Les frontières de l'informatique : Les technologies et les défis qui façonnent notre avenir
Alors que l'intelligence artificielle transforme des industries et que la demande mondiale en données explose, les technologies informatiques fondamentales et les semi-conducteurs de nouvelle génération passent de la théorie à la pratique. Cependant, l'innovation s'accompagne de frictions. Les fondateurs, chercheurs et investisseurs doivent maintenant faire face aux défis scientifiques, commerciaux et éthiques qui définiront cette nouvelle ère du "computing".

De nouvelles technologies d'infrastructure et de matériel émergent, mais des questions subsistent sur l'efficacité de leurs usages et leur évolution à long terme. Qu'il s'agisse d'informatique quantique, neuromorphique ou photonique, cet article examine les tendances et obstacles clés explorés lors de la session Creative Destruction Lab (CDL) Next Gen Computing à Heilbronn (Allemagne). Sur place, les plus grands esprits européens se sont retrouvés pour échanger autour des avancées, mais aussi des freins, qui dessinent les contours des technologies de pointe.

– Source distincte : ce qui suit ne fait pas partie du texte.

(* Assume (A1)–(A3). Consider AMSGrad: $m_0=0$, $v_0=0$, $\hat v_0=0$, and for $t\ge1$: $m_t=\beta_{1,t}m_{t-1}+(1-\beta_{1,t})g_t$, $v_t=\beta_2v_{t-1}+(1-\beta_2)g_t^2$, $\hat v_t=\max\{\hat v_{t-1},v_t\}$ (coordinatewise), $x_{t+1}=x_t-\alpha_tm_t/\sqrt{\hat v_t}$, with $\beta_2\in[0,1)$, $\alpha_t=1/\sqrt t$, and $\beta_{1,t}\le\beta_1\in[0,1)$ with $(\beta_{1,t})$ non-increasing. Suppose there exists $c>0$ with $|(g_1)_i|\ge c$ for all $i\in[d]$ almost surely. Then there exist constants $Q_1,Q_2$ independent of $T$ such that for every $T\ge1$, $$\min_{t\in[T]}\mathbb{E}\big[\|\nabla f(x_t)\|^2\big]\le\frac{1}{\sqrt T}\big(Q_1+Q_2\log T\big).$$
   Context: Problem: minimize $f(x)=\mathbb{E}_\xi[f(x;\xi)]$ over $x\in\mathbb{R}^d$; $g_t$ is a stochastic gradient evaluated at $x_t$. All vector operations (division, square root, squaring, max) are coordinatewise; $\|\cdot\|$ is the Euclidean norm; $[T]=\{1,\dots,T\}$. Assumptions: (A1) $f$ is differentiable, $\|\nabla f(x)-\nabla f(y)\|\le L\|x-y\|$ for all $x,y$, and $f$ attains its minimum at some $x^*$ with $f(x^* )>-\infty$. (A2) $\|\nabla f(x)\|\le H$ for all $x$ and $\|g_t\|\le H$ for all $t$ almost surely. (A3) $g_t=\nabla f(x_t)+\zeta_t$ where the noise $\zeta_t$ has zero mean conditionally on $g_1,\dots,g_{t-1}$. Expectations are over all randomness in $\{g_t\}$. *)

theory Defs
  imports "HOL-Probability.Probability"
begin

text \<open>AMSGrad state after n steps: (x_{n+1}, m_n, v_n, vhat_n), driven by a
  sequence of gradient values gs (gs t is the stochastic gradient g_t, t \<ge> 1).
  b2 is beta_2, b1 is the sequence beta_{1,t}, x1 is the initial point.\<close>
fun amsgrad_state ::
  "real \<Rightarrow> (nat \<Rightarrow> real) \<Rightarrow> real^'d \<Rightarrow> (nat \<Rightarrow> real^'d) \<Rightarrow> nat
     \<Rightarrow> (real^'d) \<times> (real^'d) \<times> (real^'d) \<times> (real^'d)" where
  "amsgrad_state b2 b1 x1 gs 0 = (x1, 0, 0, 0)"
| "amsgrad_state b2 b1 x1 gs (Suc n) =
     (let t = Suc n;
          (x, m, v, vh) = amsgrad_state b2 b1 x1 gs n;
          m' = b1 t *\<^sub>R m + (1 - b1 t) *\<^sub>R gs t;
          v' = b2 *\<^sub>R v + (1 - b2) *\<^sub>R (\<chi> i. (gs t $ i)^2);
          vh' = (\<chi> i. max (vh $ i) (v' $ i));
          x' = x - (1 / sqrt (real t)) *\<^sub>R (\<chi> i. m' $ i / sqrt (vh' $ i))
      in (x', m', v', vh'))"

text \<open>The iterate x_t (t \<ge> 1); it depends only on gs 1, ..., gs (t-1).\<close>
definition amsgrad_x ::
  "real \<Rightarrow> (nat \<Rightarrow> real) \<Rightarrow> real^'d \<Rightarrow> (nat \<Rightarrow> real^'d) \<Rightarrow> nat \<Rightarrow> real^'d" where
  "amsgrad_x b2 b1 x1 gs t = fst (amsgrad_state b2 b1 x1 gs (t - 1))"

definition past_sigma :: "'w measure \<Rightarrow> (nat \<Rightarrow> 'w \<Rightarrow> real^'d) \<Rightarrow> nat \<Rightarrow> 'w measure" where
  "past_sigma M g t = sigma (space M)
     (\<Union>s\<in>{1..<t}. {g s -` A \<inter> space M | A. A \<in> sets borel})"

end

theory Submission
  imports Defs
begin

text \<open>
  Because the first stochastic gradient is bounded away from 0 and every gradient is bounded
  by H, each coordinate of vhat_t lies between ell^2 = (1 - beta2) c^2 and H^2, so the effective
  step sizes eta_t = alpha_t / sqrt vhat_t are non-increasing and comparable to alpha_t.
  The descent lemma bounds the sum of the progress terms grad f(x_t) . (eta_t m_t) by
  f(x_1) - inf f + O(log T). Unrolling the momentum, the progress p_t nearly satisfies
  p_t = beta_{1,t} p_{t-1} + (1 - beta_{1,t}) a_t with a_t = grad f(x_t) . (eta_{t-1} g_t),
  and the defects add up to O(log T) because eta_t is monotone. Since eta_{t-1} and x_t only
  depend on g_1, ..., g_{t-1}, the noise drops out in expectation and
  E a_t \<ge> E |grad f(x_t)|^2 / (H sqrt (t - 1)). Averaging the recursion bounds
  sum_t E |grad f(x_t)|^2 / sqrt t by O(1 + log T), and the minimum is at most this sum
  divided by sum_t 1 / sqrt t \<ge> sqrt T.
\<close>

lemma lipschitz_gradient_upper_bound:
  fixes f :: "'a::real_inner \<Rightarrow> real"
  assumes grad: "\<And>x. GDERIV f x :> grad x"
    and lip: "\<And>x y. norm (grad x - grad y) \<le> L * norm (x - y)"
  shows "f (x + h) \<le> f x + grad x \<bullet> h + \<bar>L\<bar> * (norm h)\<^sup>2"
proof -
  define \<phi> where "\<phi> s = f (x + s *\<^sub>R h)" for s
  have "(\<phi> has_derivative (\<lambda>t. grad (x + s *\<^sub>R h) \<bullet> (t *\<^sub>R h))) (at s within {0..1})" for s
  proof -
    have "((\<lambda>s. x + s *\<^sub>R h) has_derivative (\<lambda>t. t *\<^sub>R h)) (at s within {0..1})"
      by (auto intro!: derivative_eq_intros)
    moreover have "(f has_derivative (\<lambda>v. grad (x + s *\<^sub>R h) \<bullet> v)) (at (x + s *\<^sub>R h))"
      using grad by (simp add: gderiv_def inner_commute)
    ultimately show ?thesis
      unfolding \<phi>_def by (rule has_derivative_compose)
  qed
  then obtain s where s: "s \<in> {0<..<1}" and mvt: "\<phi> 1 - \<phi> 0 = grad (x + s *\<^sub>R h) \<bullet> ((1 - 0) *\<^sub>R h)"
    using mvt_simple[of 0 1 \<phi>] by force
  have "f (x + h) - f x - grad x \<bullet> h = (grad (x + s *\<^sub>R h) - grad x) \<bullet> h"
    using mvt by (simp add: \<phi>_def inner_diff_left)
  also have "\<dots> \<le> norm (grad (x + s *\<^sub>R h) - grad x) * norm h"
    by (rule norm_cauchy_schwarz)
  also have "\<dots> \<le> (\<bar>L\<bar> * (s * norm h)) * norm h"
    using lip[of "x + s *\<^sub>R h" x] s
    by (intro mult_right_mono order_trans[OF _ mult_right_mono[of L "\<bar>L\<bar>"]]) auto
  also have "\<dots> \<le> (\<bar>L\<bar> * norm h) * norm h"
    using s by (intro mult_right_mono mult_left_mono) (auto intro: mult_left_le_one_le)
  finally show ?thesis by (simp add: power2_eq_square algebra_simps)
qed

lemma abs_inner_mult_diff_le:
  fixes a c e e' :: "real^'n"
  assumes "\<And>i. \<bar>a $ i\<bar> \<le> H" "\<And>i. \<bar>c $ i\<bar> \<le> H" "\<And>i. e' $ i \<le> e $ i"
  shows "\<bar>a \<bullet> ((e' - e) * c)\<bar> \<le> H\<^sup>2 * (\<Sum>i\<in>UNIV. e $ i - e' $ i)"
proof -
  have "0 \<le> H" using assms(1) abs_ge_zero order_trans by blast
  have "\<bar>a \<bullet> ((e' - e) * c)\<bar> \<le> (\<Sum>i\<in>UNIV. \<bar>a $ i\<bar> * \<bar>c $ i\<bar> * (e $ i - e' $ i))"
    unfolding inner_vec_def using assms(3)
    by (auto simp: times_vec_def abs_mult intro!: order_trans[OF sum_abs] sum_mono)
  also have "\<dots> \<le> (\<Sum>i\<in>UNIV. (H * H) * (e $ i - e' $ i))"
    using assms \<open>0 \<le> H\<close> by (intro sum_mono mult_right_mono mult_mono) (auto intro: order_trans)
  finally show ?thesis by (simp add: power2_eq_square sum_distrib_left)
qed

lemma harm_le_1_plus_ln: "n \<ge> 1 \<Longrightarrow> (harm n :: real) \<le> 1 + ln (real n)"
  using euler_mascheroni_sequence_decreasing[of 1 n] by (simp add: harm_def)

lemma sqrt_le_sum_inverse_sqrt: "sqrt (real T) \<le> (\<Sum>t=1..T. 1 / sqrt (real t))"
proof -
  have "sqrt (real T) = (\<Sum>t=1..T. 1 / sqrt (real T))"
    by (cases "T = 0") (simp_all add: real_div_sqrt)
  also have "\<dots> \<le> (\<Sum>t=1..T. 1 / sqrt (real t))"
    by (intro sum_mono) (auto simp: frac_le)
  finally show ?thesis .
qed

lemma Min_le_of_weighted_sum_le:
  fixes G :: "nat \<Rightarrow> real"
  assumes "T \<ge> 1" "\<And>t. G t \<ge> 0" "(\<Sum>t=1..T. G t / sqrt (real t)) \<le> B"
  shows "Min (G ` {1..T}) \<le> B / sqrt (real T)"
proof -
  define \<mu> where "\<mu> = Min (G ` {1..T})"
  have "\<mu> * sqrt (real T) \<le> \<mu> * (\<Sum>t=1..T. 1 / sqrt (real t))"
    using assms(1,2) by (intro mult_left_mono sqrt_le_sum_inverse_sqrt) (auto simp: \<mu>_def Min_ge_iff)
  also have "\<dots> \<le> (\<Sum>t=1..T. G t / sqrt (real t))"
    by (auto simp: sum_distrib_left \<mu>_def intro!: sum_mono divide_right_mono)
  finally show ?thesis
    using assms(1,3) by (simp add: \<mu>_def pos_le_divide_eq)
qed

lemma sum_exponential_average_le:
  fixes Z e b :: "nat \<Rightarrow> real" and \<beta> :: real
  assumes Z_0: "Z 0 = 0" and Z_Suc: "\<And>t. Z (Suc t) = b (Suc t) * Z t + e (Suc t)"
    and b: "\<And>t. 0 \<le> b (Suc t) \<and> b (Suc t) \<le> \<beta>" and \<beta>: "\<beta> < 1"
    and e: "\<And>t. 0 \<le> e (Suc t)"
  shows "(\<Sum>t=1..T. Z t) \<le> (\<Sum>t=1..T. e t) / (1 - \<beta>)"
proof -
  have Z_nonneg: "0 \<le> Z t" for t
    by (induction t) (use b e in \<open>simp_all add: Z_0 Z_Suc\<close>)
  have Z_sum: "(1 - \<beta>) * (\<Sum>t=1..T. Z t) + \<beta> * Z T \<le> (\<Sum>t=1..T. e t)" for T
  proof (induction T)
    case (Suc T)
    have "b (Suc T) * Z T \<le> \<beta> * Z T"
      using b Z_nonneg by (intro mult_right_mono) auto
    with Suc show ?case by (simp add: Z_Suc algebra_simps)
  qed (simp add: Z_0)
  moreover have "0 \<le> \<beta> * Z T"
    using b[of 0] Z_nonneg[of T] by simp
  ultimately have "(1 - \<beta>) * (\<Sum>t=1..T. Z t) \<le> (\<Sum>t=1..T. e t)"
    using Z_sum[of T] by linarith
  then show ?thesis
    using \<beta> by (simp add: pos_le_divide_eq mult.commute)
qed

text \<open>p dominates the difference of the exponential averages Y of a and Z of e.\<close>
lemma sum_le_of_averaging_recursion:
  fixes p a e b :: "nat \<Rightarrow> real" and \<beta> :: real
  assumes p0: "p 0 = 0"
    and rec: "\<And>t. t \<ge> 1 \<Longrightarrow> b t * p (t - 1) + (1 - b t) * a t - e t \<le> p t"
    and b: "\<And>t. t \<ge> 1 \<Longrightarrow> 0 \<le> b t \<and> b t \<le> \<beta>" and \<beta>: "\<beta> < 1"
    and a: "\<And>t. t \<ge> 1 \<Longrightarrow> 0 \<le> a t" and e: "\<And>t. t \<ge> 1 \<Longrightarrow> 0 \<le> e t"
  shows "(1 - \<beta>) * (\<Sum>t=1..T. a t) \<le> (\<Sum>t=1..T. p t) + (\<Sum>t=1..T. e t) / (1 - \<beta>)"
proof -
  define Y where "Y = rec_nat 0 (\<lambda>t y. b (Suc t) * y + (1 - b (Suc t)) * a (Suc t))"
  define Z where "Z = rec_nat 0 (\<lambda>t z. b (Suc t) * z + e (Suc t))"
  have Y_Suc: "Y (Suc t) = b (Suc t) * Y t + (1 - b (Suc t)) * a (Suc t)"
    and Z_Suc: "Z (Suc t) = b (Suc t) * Z t + e (Suc t)" for t
    by (simp_all add: Y_def Z_def)
  have b_Suc: "0 \<le> b (Suc t) \<and> b (Suc t) \<le> \<beta>" for t
    using b[of "Suc t"] by auto
  have Y_nonneg: "0 \<le> Y t" for t
  proof (induction t)
    case (Suc t)
    have "0 \<le> 1 - b (Suc t)" using b_Suc[of t] \<beta> by simp
    with Suc show ?case using b_Suc[of t] a[of "Suc t"] by (simp add: Y_Suc)
  qed (simp add: Y_def)
  have p_ge: "Y t - Z t \<le> p t" for t
  proof (induction t)
    case (Suc t)
    then have "b (Suc t) * (Y t - Z t) \<le> b (Suc t) * p t"
      using b_Suc by (intro mult_left_mono) auto
    then show ?case
      using rec[of "Suc t"] by (simp add: Y_Suc Z_Suc algebra_simps)
  qed (simp add: Y_def Z_def p0)
  have Y_ge: "(1 - \<beta>) * a t \<le> Y t" if t_pos: "t \<ge> 1" for t
  proof -
    obtain s where t: "t = Suc s" using t_pos by (cases t) auto
    have "(1 - \<beta>) * a t \<le> (1 - b t) * a t"
      using b_Suc[of s] a[OF t_pos] by (intro mult_right_mono) (auto simp: t)
    moreover have "0 \<le> b (Suc s) * Y s"
      using b_Suc[of s] Y_nonneg[of s] by simp
    ultimately show ?thesis
      by (simp add: t Y_Suc)
  qed
  have "(1 - \<beta>) * (\<Sum>t=1..T. a t) \<le> (\<Sum>t=1..T. Y t)"
    unfolding sum_distrib_left by (intro sum_mono Y_ge) auto
  also have "\<dots> \<le> (\<Sum>t=1..T. p t) + (\<Sum>t=1..T. Z t)"
    using p_ge by (simp add: sum.distrib[symmetric] sum_mono add.commute diff_le_eq)
  also have "(\<Sum>t=1..T. Z t) \<le> (\<Sum>t=1..T. e t) / (1 - \<beta>)"
    by (rule sum_exponential_average_le[where Z=Z and b=b and e=e])
      (use Z_Suc b_Suc \<beta> e in \<open>simp_all add: Z_def\<close>)
  finally show ?thesis by simp
qed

Les technologies de pointe
Bien que l'informatique quantique attire beaucoup l'attention, elle n'est pas la seule technologie à façonner l'avenir de l'informatique. Elle ouvre pourtant de grandes perspectives : simuler des molécules complexes, résoudre des problèmes d’optimisation jusque-là hors de portée, ou encore sécuriser les communications à un niveau inégalé. Des promesses qui, si elles se concrétisent, redéfiniront ce que nous pensions possible.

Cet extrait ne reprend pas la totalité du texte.